Listed records:

(* Let $G_1$ be a connected graph on $n_1$ vertices, and let $G_2$ be an $r_2$-regular graph with $r_2\ge1$, on $n_2$ vertices and $m_2$ edges, with adjacency matrix $A_{G_2}$ and Laplacian eigenvalues $\mu_1(G_2),\dots,\mu_{n_2}(G_2)$. Let $C=L_{G_2}+r_2I_{n_2}$. Then \begin{align*} Kf(G_1\star G_2)&=n_1(1+n_2+m_2)\Big[\frac{n_1m_2}{3}+\frac{n_1}{3}\Big(\mathrm{tr}(C^{-1}A_{G_2})+r_2\sum_{i=1}^{n_2}\frac{1}{\mu_i(G_2)+r_2}\Big)+3n_1\sum_{i=1}^{n_2}\frac{1}{\mu_i(G_2)+r_2}\\ &\qquad+\frac{m_2+n_2+1}{n_1}Kf(G_1)\Big]-\frac{n_1m_2r_2+n_1n_2(r_2+3)^2}{3r_2}. \end{align*}
   Context: All graphs are simple and undirected; $L_G=D_G-A_G$ is the Laplacian matrix. The resistance distance between two vertices of a connected graph is the effective resistance between them when every edge is a unit resistor, and the Kirchhoff index $Kf(G)$ of a connected graph is the sum of resistance distances over all unordered pairs of distinct vertices. The corona-edge of the subdivision graph $G_1\star G_2$ is obtained from $G_1$ and $|V(G_1)|$ vertex-disjoint copies of the subdivision graph $S(G_2)$ (the graph obtained from $G_2$ by inserting a new vertex into every edge; the inserted vertices are the subdivision vertices) by joining the $i$-th vertex of $G_1$ to every subdivision vertex of the $i$-th copy. It has $n_1(1+n_2+m_2)$ vertices. *)

theory Defs
  imports "Jordan_Normal_Form.Gauss_Jordan_Elimination" "Jordan_Normal_Form.Char_Poly"
begin

definition simple_graph :: "'a set \<Rightarrow> 'a set set \<Rightarrow> bool" where
  "simple_graph V E \<longleftrightarrow> finite V \<and> E \<subseteq> {{u, v} | u v. u \<in> V \<and> v \<in> V \<and> u \<noteq> v}"

definition gdegree :: "'a set \<Rightarrow> 'a set set \<Rightarrow> 'a \<Rightarrow> nat" where
  "gdegree V E v = card {u \<in> V. {u, v} \<in> E}"

definition regular_graph :: "'a set \<Rightarrow> 'a set set \<Rightarrow> nat \<Rightarrow> bool" where
  "regular_graph V E r \<longleftrightarrow> (\<forall>v\<in>V. gdegree V E v = r)"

Directions: In the records above, return precisely the line containing "V E v = card" and each line that comes after it, up to the final one.

Result of the task:
  "gdegree V E v = card {u \<in> V. {u, v} \<in> E}"

definition regular_graph :: "'a set \<Rightarrow> 'a set set \<Rightarrow> nat \<Rightarrow> bool" where
  "regular_graph V E r \<longleftrightarrow> (\<forall>v\<in>V. gdegree V E v = r)"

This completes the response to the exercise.